Scoring from graded sections:
- 50% => 1
- 70% => 2
- 90% => 3
Arvosanan määräytyminen¶
Extra work qualified for bonus points:
- Additional (well implemented) unittests (up to 0.5 grades)
- Additional Tiles, Buildings and Workers (up to 0.5 grades)
- Nice graphics (up to 1 grade)
- A very good GUI (up to one grade)
- Back story and depiction of the game world (up to 0.5 grades)
Examples:
- Only minimum requirements met and perfect score in graded sections, no bonus-points ( 3 + 0 => 1)
- Minimum and intermediate requirements met 75% of graded section score, 0.5 grades worth of bonus-points ( 2 + 0.5 => 2.5)
- Minimum and intermediate requirements met 60% of graded section score, 2 additional features and total of 3.5 grades worth of bonus points (1 + 3.5 => 4 )
- Only 3 points are taken in account from the 3.5 (1 for graded section compensation, 2 for extra grades)
Environment¶
The working environment is in GitLab. Each team has a repository named based on the name of the team. It is worth to note that some team names were adjusted to match suitable names for a GitLab project. The parts implemented by the course are given also through version control.
Class Diagram¶
The relevant classses in the program.
NOTE! The part depicting the students’ implementation is completely fictitious. There can be (and should be) more classes and there relationships can be completely different.

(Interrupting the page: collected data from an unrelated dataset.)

(* Let $x_1,\dots,x_n$ be observations, $\Theta\subset\mathbb{R}^{N_\theta}$, and $g(x,\theta)\in\mathbb{R}^{N_g}$ a moment function; write $g_i=g(x_i,\theta)$ and $\hat g=n^{-1}\sum_i g_i$. The exponentially tilted empirical likelihood (ETEL) estimator $\hat\theta_{\mathrm{ETEL}}$ maximizes the objective function $$\ln\hat L(\theta)=-\ln\Big(n^{-1}\sum_i\exp\big(\hat\lambda'(g_i-\hat g)\big)\Big),$$ where $\hat\lambda=\hat\lambda(\theta)$ is such that $n^{-1}\sum_i\exp(\hat\lambda'g_i)g_i=0$. Moreover, the first-order conditions for $\hat\theta_{\mathrm{ETEL}}$ can be written as $$n^{-1}\sum_i(1-n\hat w_i)\frac{d(\hat\lambda'g_i)}{d\theta'}=0,$$ where the total derivative indicates that $\hat\lambda=\hat\lambda(\theta)$ is allowed to vary with $\theta$, and $\hat w_i=\exp(\hat\lambda'g_i)/\sum_j\exp(\hat\lambda'g_j)$.
   Context: The ETEL estimator is defined by $\hat\theta=\arg\min_\theta n^{-1}\sum_i\big(-\ln(n\hat w_i(\theta))\big)$, where $(\hat w_i(\theta))_{i=1}^n$ solves $\min_{w_1,\dots,w_n} n^{-1}\sum_i nw_i\ln(nw_i)$ subject to $\sum_i w_i g(x_i,\theta)=0$ and $\sum_i w_i=1$. Equivalently (dual form), $\hat w_i(\theta)=\exp(\hat\lambda(\theta)'g(x_i,\theta))/\sum_j\exp(\hat\lambda(\theta)'g(x_j,\theta))$ with $\hat\lambda(\theta)=\arg\max_{\lambda\in\mathbb{R}^{N_g}} n^{-1}\sum_i\big(-\exp(\lambda'g(x_i,\theta))\big)$. *)

theory Defs
  imports "HOL-Analysis.Analysis"
begin

text \<open>Parameters live in a Euclidean space 'p, moments in a Euclidean space 'g.
  lam is the (given) multiplier map theta |-> lambda-hat(theta).\<close>

definition gbar :: "nat \<Rightarrow> (nat \<Rightarrow> 'x) \<Rightarrow> ('x \<Rightarrow> 'p \<Rightarrow> 'g::real_vector) \<Rightarrow> 'p \<Rightarrow> 'g" where
  "gbar n x g \<theta> = (1 / real n) *\<^sub>R (\<Sum>i<n. g (x i) \<theta>)"

definition is_lambda_hat :: "nat \<Rightarrow> (nat \<Rightarrow> 'x) \<Rightarrow> ('x \<Rightarrow> 'p \<Rightarrow> 'g::real_inner) \<Rightarrow> 'p \<Rightarrow> 'g \<Rightarrow> bool" where
  "is_lambda_hat n x g \<theta> l \<longleftrightarrow>
     (\<forall>l'. (1 / real n) * (\<Sum>i<n. - exp (l' \<bullet> g (x i) \<theta>))
            \<le> (1 / real n) * (\<Sum>i<n. - exp (l \<bullet> g (x i) \<theta>)))"

definition etel_w :: "nat \<Rightarrow> (nat \<Rightarrow> 'x) \<Rightarrow> ('x \<Rightarrow> 'p \<Rightarrow> 'g::real_inner) \<Rightarrow> ('p \<Rightarrow> 'g) \<Rightarrow> 'p \<Rightarrow> nat \<Rightarrow> real" where
  "etel_w n x g lam \<theta> i =
     exp (lam \<theta> \<bullet> g (x i) \<theta>) / (\<Sum>j<n. exp (lam \<theta> \<bullet> g (x j) \<theta>))"

text \<open>ETEL criterion n^{-1} sum_i -ln(n w_i(theta)), minimized by the ETEL estimator.\<close>
definition etel_crit :: "nat \<Rightarrow> (nat \<Rightarrow> 'x) \<Rightarrow> ('x \<Rightarrow> 'p \<Rightarrow> 'g::real_inner) \<Rightarrow> ('p \<Rightarrow> 'g) \<Rightarrow> 'p \<Rightarrow> real" where
  "etel_crit n x g lam \<theta> = (1 / real n) * (\<Sum>i<n. - ln (real n * etel_w n x g lam \<theta> i))"

definition etel_lnL :: "nat \<Rightarrow> (nat \<Rightarrow> 'x) \<Rightarrow> ('x \<Rightarrow> 'p \<Rightarrow> 'g::real_inner) \<Rightarrow> ('p \<Rightarrow> 'g) \<Rightarrow> 'p \<Rightarrow> real" where
  "etel_lnL n x g lam \<theta> =
     - ln ((1 / real n) * (\<Sum>i<n. exp (lam \<theta> \<bullet> (g (x i) \<theta> - gbar n x g \<theta>))))"

end

theory Submission imports Defs begin

text \<open>Write \<open>a\<^sub>i(\<theta>) = \<lambda>(\<theta>)\<bullet>g\<^sub>i(\<theta>)\<close>. The moment condition is the first-order condition of the
  concave dual problem defining \<open>\<lambda>\<close>. Since \<open>n w\<^sub>i = exp a\<^sub>i / mean (exp a)\<close>, both the ETEL
  criterion and \<open>ln L\<close> equal \<open>\<plusminus>(mean a - ln (mean (exp a)))\<close>, so they have the same
  optimizers; differentiating \<open>mean a - ln (mean (exp a))\<close> with the chain rule gives the
  weights \<open>1 - n w\<^sub>i\<close>, and at an interior maximum this derivative vanishes.\<close>

lemma sum_exp_pos:
  fixes n :: nat
  assumes "n \<ge> 1" shows "0 < (\<Sum>i<n. exp (a i :: real))"
  using assms by (intro sum_pos) (auto simp: lessThan_empty_iff)

lemma is_arg_min_uminus_iff: "is_arg_min (\<lambda>x. - f x) P x \<longleftrightarrow> is_arg_max f P x"
  for f :: "'a \<Rightarrow> 'b::ordered_ab_group_add"
  by (auto simp: is_arg_min_def is_arg_max_def)

lemma weighted_sum_zero_if_minimizes_sum_exp:
  fixes G :: "nat \<Rightarrow> 'g::real_inner"
  assumes min: "\<forall>l'. (\<Sum>i<n. exp (l \<bullet> G i)) \<le> (\<Sum>i<n. exp (l' \<bullet> G i))"
  shows "(\<Sum>i<n. exp (l \<bullet> G i) *\<^sub>R G i) = 0"
proof -
  let ?S = "\<Sum>i<n. exp (l \<bullet> G i) *\<^sub>R G i"
  have "((\<lambda>l'. \<Sum>i<n. exp (l' \<bullet> G i)) has_derivative (\<lambda>v. v \<bullet> ?S)) (at l)"
    by (auto intro!: derivative_eq_intros simp: inner_sum_right mult.commute)
  from differential_zero_maxmin[OF UNIV_I open_UNIV this] min
  have "(\<lambda>v. v \<bullet> ?S) = (\<lambda>v. 0)" by blast
  then have "?S \<bullet> ?S = 0" by metis
  then show ?thesis by simp
qed

lemma moment_condition_if_is_lambda_hat:
  assumes "n \<ge> 1" and "is_lambda_hat n x g \<theta> l"
  shows "(\<Sum>i<n. exp (l \<bullet> g (x i) \<theta>) *\<^sub>R g (x i) \<theta>) = 0"
proof (rule weighted_sum_zero_if_minimizes_sum_exp, intro allI)
  fix l'
  show "(\<Sum>i<n. exp (l \<bullet> g (x i) \<theta>)) \<le> (\<Sum>i<n. exp (l' \<bullet> g (x i) \<theta>))"
    using assms(2)[unfolded is_lambda_hat_def, rule_format, of l'] assms(1)
    by (simp add: sum_negf divide_le_cancel)
qed

lemma etel_lnL_eq:
  assumes n: "n \<ge> 1"
  shows "etel_lnL n x g lam \<theta> = (1 / real n) * (\<Sum>i<n. lam \<theta> \<bullet> g (x i) \<theta>)
     - ln ((\<Sum>i<n. exp (lam \<theta> \<bullet> g (x i) \<theta>)) / real n)"
proof -
  let ?a = "\<lambda>i. lam \<theta> \<bullet> g (x i) \<theta>"
  let ?m = "(1 / real n) * (\<Sum>i<n. ?a i)"
  have "lam \<theta> \<bullet> gbar n x g \<theta> = ?m"
    by (simp add: gbar_def inner_sum_right)
  then have "(\<Sum>i<n. exp (lam \<theta> \<bullet> (g (x i) \<theta> - gbar n x g \<theta>))) = (\<Sum>i<n. exp (?a i)) * exp (- ?m)"
    by (simp add: inner_diff_right exp_diff sum_distrib_right exp_minus divide_inverse)
  with sum_exp_pos[OF n, of ?a] n show ?thesis
    by (simp add: etel_lnL_def ln_mult divide_inverse mult.commute)
qed

lemma etel_crit_eq_neg_etel_lnL:
  assumes n: "n \<ge> 1"
  shows "etel_crit n x g lam \<theta> = - etel_lnL n x g lam \<theta>"
proof -
  let ?a = "\<lambda>i. lam \<theta> \<bullet> g (x i) \<theta>"
  let ?S = "\<Sum>i<n. exp (?a i)"
  have S: "?S > 0" using sum_exp_pos[OF n] .
  have "ln (real n * etel_w n x g lam \<theta> i) = ln (real n) + ?a i - ln ?S" for i
    using n S by (simp add: etel_w_def ln_mult ln_div)
  then have "etel_crit n x g lam \<theta> = (1 / real n) * (\<Sum>i<n. ln ?S - (ln (real n) + ?a i))"
    by (simp add: etel_crit_def)
  also have "\<dots> = ln ?S - ln (real n) - (1 / real n) * (\<Sum>i<n. ?a i)"
    using n by (simp add: sum_subtractf sum.distrib field_simps)
  finally show ?thesis
    using etel_lnL_eq[OF n, of x g lam \<theta>] n S by (simp add: ln_div)
qed

lemma has_derivative_mean_minus_ln_mean_exp:
  fixes a :: "nat \<Rightarrow> 'p::real_normed_vector \<Rightarrow> real"
  assumes n: "n \<ge> 1" and a: "\<forall>i<n. (a i has_derivative D i) (at \<theta>0)"
  shows "((\<lambda>\<theta>. (1 / real n) * (\<Sum>i<n. a i \<theta>) - ln ((\<Sum>i<n. exp (a i \<theta>)) / real n))
     has_derivative (\<lambda>v. (1 / real n) *
       (\<Sum>i<n. (1 - real n * (exp (a i \<theta>0) / (\<Sum>j<n. exp (a j \<theta>0)))) * D i v))) (at \<theta>0)"
proof -
  let ?S = "\<Sum>j<n. exp (a j \<theta>0)"
  have S: "?S > 0" using sum_exp_pos[OF n] .
  have "(\<Sum>i<n. (1 - real n * (exp (a i \<theta>0) / ?S)) * D i v)
      = (\<Sum>i<n. D i v) - real n * ((\<Sum>i<n. exp (a i \<theta>0) * D i v) / ?S)" for v
    by (simp add: left_diff_distrib sum_subtractf sum_distrib_left sum_divide_distrib mult.assoc)
  then have "(\<lambda>v. (1 / real n) * (\<Sum>i<n. (1 - real n * (exp (a i \<theta>0) / ?S)) * D i v))
      = (\<lambda>v. (1 / real n) * (\<Sum>i<n. D i v) - (\<Sum>i<n. exp (a i \<theta>0) * D i v) / ?S)"
    using n by (simp add: right_diff_distrib)
  moreover have "((\<lambda>\<theta>. (1 / real n) * (\<Sum>i<n. a i \<theta>) - ln ((\<Sum>i<n. exp (a i \<theta>)) / real n))
     has_derivative (\<lambda>v. (1 / real n) * (\<Sum>i<n. D i v) - (\<Sum>i<n. exp (a i \<theta>0) * D i v) / ?S)) (at \<theta>0)"
    using a S n by (auto intro!: derivative_eq_intros simp: field_simps mult.commute)
  ultimately show ?thesis by simp
qed

lemma has_derivative_etel_lnL:
  assumes n: "n \<ge> 1"
    and D: "\<forall>i<n. ((\<lambda>\<theta>. lam \<theta> \<bullet> g (x i) \<theta>) has_derivative D i) (at \<theta>0)"
  shows "(etel_lnL n x g lam has_derivative
     (\<lambda>v. (1 / real n) * (\<Sum>i<n. (1 - real n * etel_w n x g lam \<theta>0 i) * D i v))) (at \<theta>0)"
  using has_derivative_mean_minus_ln_mean_exp[OF n D]
  by (simp add: etel_lnL_eq[OF n, abs_def] etel_w_def)

theorem theorem2:
  fixes n :: nat and x :: "nat \<Rightarrow> 'x"
    and g :: "'x \<Rightarrow> 'p::euclidean_space \<Rightarrow> 'g::euclidean_space"
    and \<Theta> :: "'p set" and lam :: "'p \<Rightarrow> 'g"
  assumes n_pos: "n \<ge> 1"
    and lam_hat: "\<forall>\<theta>\<in>\<Theta>. is_lambda_hat n x g \<theta> (lam \<theta>)"
  shows
    "(\<forall>\<theta>\<in>\<Theta>. (1 / real n) *\<^sub>R (\<Sum>i<n. exp (lam \<theta> \<bullet> g (x i) \<theta>) *\<^sub>R g (x i) \<theta>) = 0)
     \<and> (\<forall>\<theta>\<in>\<Theta>. etel_crit n x g lam \<theta> = - etel_lnL n x g lam \<theta>)
     \<and> (\<forall>\<theta>0. is_arg_min (etel_crit n x g lam) (\<lambda>\<theta>. \<theta> \<in> \<Theta>) \<theta>0
              \<longleftrightarrow> is_arg_max (etel_lnL n x g lam) (\<lambda>\<theta>. \<theta> \<in> \<Theta>) \<theta>0)
     \<and> (\<forall>\<theta>0 D. (\<forall>i<n. ((\<lambda>\<theta>. lam \<theta> \<bullet> g (x i) \<theta>) has_derivative D i) (at \<theta>0))
          \<longrightarrow> (etel_lnL n x g lam has_derivative
                (\<lambda>v. (1 / real n) * (\<Sum>i<n. (1 - real n * etel_w n x g lam \<theta>0 i) * D i v))) (at \<theta>0))
     \<and> (\<forall>\<theta>0 D. \<theta>0 \<in> interior \<Theta> \<and> is_arg_max (etel_lnL n x g lam) (\<lambda>\<theta>. \<theta> \<in> \<Theta>) \<theta>0
          \<and> (\<forall>i<n. ((\<lambda>\<theta>. lam \<theta> \<bullet> g (x i) \<theta>) has_derivative D i) (at \<theta>0))
          \<longrightarrow> (\<forall>v. (1 / real n) * (\<Sum>i<n. (1 - real n * etel_w n x g lam \<theta>0 i) * D i v) = 0))"
proof -
  have crit: "etel_crit n x g lam = (\<lambda>\<theta>. - etel_lnL n x g lam \<theta>)"
    using etel_crit_eq_neg_etel_lnL[OF n_pos] by (intro ext)
  have foc: "(1 / real n) * (\<Sum>i<n. (1 - real n * etel_w n x g lam \<theta>0 i) * D i v) = 0"
    if "\<theta>0 \<in> interior \<Theta>" "is_arg_max (etel_lnL n x g lam) (\<lambda>\<theta>. \<theta> \<in> \<Theta>) \<theta>0"
      "\<forall>i<n. ((\<lambda>\<theta>. lam \<theta> \<bullet> g (x i) \<theta>) has_derivative D i) (at \<theta>0)" for \<theta>0 D v
  proof -
    have "\<forall>y\<in>interior \<Theta>. etel_lnL n x g lam y \<le> etel_lnL n x g lam \<theta>0"
      using that(2) interior_subset by (fastforce simp: is_arg_max_linorder)
    then show ?thesis
      using differential_zero_maxmin[OF that(1) open_interior
          has_derivative_etel_lnL[where D=D and x=x and g=g and lam=lam, OF n_pos that(3)]]
      by (metis (lifting))
  qed
  have moment: "(1 / real n) *\<^sub>R (\<Sum>i<n. exp (lam \<theta> \<bullet> g (x i) \<theta>) *\<^sub>R g (x i) \<theta>) = 0"
    if "\<theta> \<in> \<Theta>" for \<theta>
    using moment_condition_if_is_lambda_hat[OF n_pos lam_hat[rule_format, OF that]] by simp
  show ?thesis
    using moment has_derivative_etel_lnL[OF n_pos] foc
    unfolding crit is_arg_min_uminus_iff by blast
qed

end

You can generate the Doxygen documentation of the interfaces directly from the project. Read the README for more information.
Hints¶
- Check what is implemented on the course side
- When designing the project:
- Make your own class diagram that clarifies the structure and division of work
- Go the functionality of the game through with the help of the class diagram and/or sequence diagram
- Start coding only once you have a clear plan in order to be able to concentrate on solving codebased problems
- You can inherit own versions of course library buildings, tiles and workers if you what to modify costs, production or add functionality
- All game objects can be given additional text based metadata
- You can ask for bug corrections and additions to the course code
- NOTE! Additions to the library should be asked as early as possible in order to allow enough time to implement them. Do the design early and with care.